Victor Hugo, L'homme qui rit

L'homme qui rit, de Victor Hugo.

4ième de couverture : [...] Lorsqu'il publie L'homme qui rit en 1869, Hugo le présente comme le roman de l'aristocratie, premier volume d'une trilogie consacrée à une histoire de la Révolution que Quatrevingt-Treize achèverait. Dénonciation du despotisme de l'aristocratie, méditation historique et métaphysique, c'est aussi une oeuvre foisonnante et baroque, où Hugo nous donne à réfléchir sur la misère et sur le peuple, sur l'amour et sur le désir, aussi bien que sur le Mal.

Extrait n°1 : C'était une minute d'anxiété préalable où il semble que les éléments vont devenir des personnes, et qu'on va assister à la transfiguration mystérieuse du vent en aquilon. La mer va être Océan, les forces vont se révéler volontés, ce qu'on prend pour une chose est une âme. On va le voir. De là l'horreur. L'âme de l'homme redoute cette confrontation avec l'âme de la nature.

Extrait n°2 : L'antique comparaison de la chair avec le marbre est absolument fausse. La beauté de la chair, c'est de n'être point marbre ; c'est de palpiter, c'est de trembler, c'est de rougir, c'est de saigner ; c'est d'avoir la fermeté sans avoir la dureté ; c'est d'être blanche sans être froide ; c'est d'avoir ses tressaillements et ses infirmités ; c'est d'être la vie, et le marbre est la mort.

Extrait n°3 : Les lords ont des bêtes féroces à eux qu'ils mettent dans leurs armoiries.

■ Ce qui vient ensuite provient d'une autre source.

(* Let $\mathcal{R}=\{z\in\mathbb{C}:\Re(z)>0\}$ and let $\Phi:\mathcal{R}\to\mathbb{C}$ be analytic and satisfy: (a) for all $0<a<b<\infty$, $\lim_{y\to\pm\infty} e^{-\pi|y|}\int_a^b\left|\frac{\Phi(x+iy)}{x+iy}\right|\mathrm{d}x=0$; (b) for every $\eta>0$, $\sup_{x\ge\eta}\int_{-\infty}^\infty\left|\frac{\Phi(x+iy)}{x+iy}\right|e^{-\pi|y|}\,\mathrm{d}y<\infty$; (c) $\lim_{x\to\infty}\int_{-\infty}^\infty\left|\frac{\Phi(x+iy)}{x+iy}\right|e^{-\pi|y|}\,\mathrm{d}y=0$. Let $\delta>0$. Then there exists $c(\delta,\Phi)>0$, depending only on $\delta$ and $\Phi$, such that $|\Phi(z)|\le c(\delta,\Phi)|z|e^{\pi|y|}$ for all $z=x+iy$ with $\Re(z)\ge\delta$. *)

theory Defs
  imports "HOL-Analysis.Analysis"
begin

end

theory Submission
  imports Defs "HOL-Complex_Analysis.Complex_Analysis"
begin

text \<open>
  Put F(w) = \<Phi>(w)/w and fix z = x + iy with x \<ge> \<delta> and r = \<delta>/2.  Cauchy's integral formula
  for the Gaussian-damped function F(w) exp((w - z)^2) on the rectangle
  [x - r, x + r] \<times> [y - T, y + T] expresses 2\<pi>i F(z) as four side integrals.  On the rectangle
  |exp((w - z)^2)| \<le> exp(r^2) exp(-(Im w - y)^2), and completing the square gives
  exp(-(t - y)^2) \<le> exp(\<pi>^2/4 + \<pi>|y|) exp(-\<pi>|t|).  Hence each side is bounded by
  exp(\<pi>|y|) times a weighted integral of |F| of the kind occurring in the hypotheses.  As T \<rightarrow> \<infinity>
  the horizontal sides vanish by (a), and the vertical sides, on the lines Re w = x \<plusminus> r \<ge> r,
  are bounded uniformly by (b).
\<close>

definition weighted_vline_norm :: "(complex \<Rightarrow> complex) \<Rightarrow> real \<Rightarrow> ennreal" where
  "weighted_vline_norm F p = (\<integral>\<^sup>+ t. ennreal (norm (F (Complex p t)) * exp (- pi * \<bar>t\<bar>)) \<partial>lborel)"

Comme Dieu n'en a pas fait assez, ils en inventent.

Extrait n°4 : - Oui, murmura Gwynplaine pensif, c'est de l'enfer des pauvres qu'est fait le paradis des riches.

Extrait n°5 : D'instinct le peuple de Southwark évitait, nous l'avons dit, cette rue entre prison et cimetière. Jadis elle avait été barrée la nuit d'une chaîne de fer. Très inutile ; car la meilleur chaîne pour fermer cette rue, c'était la peur qu'elle faisait.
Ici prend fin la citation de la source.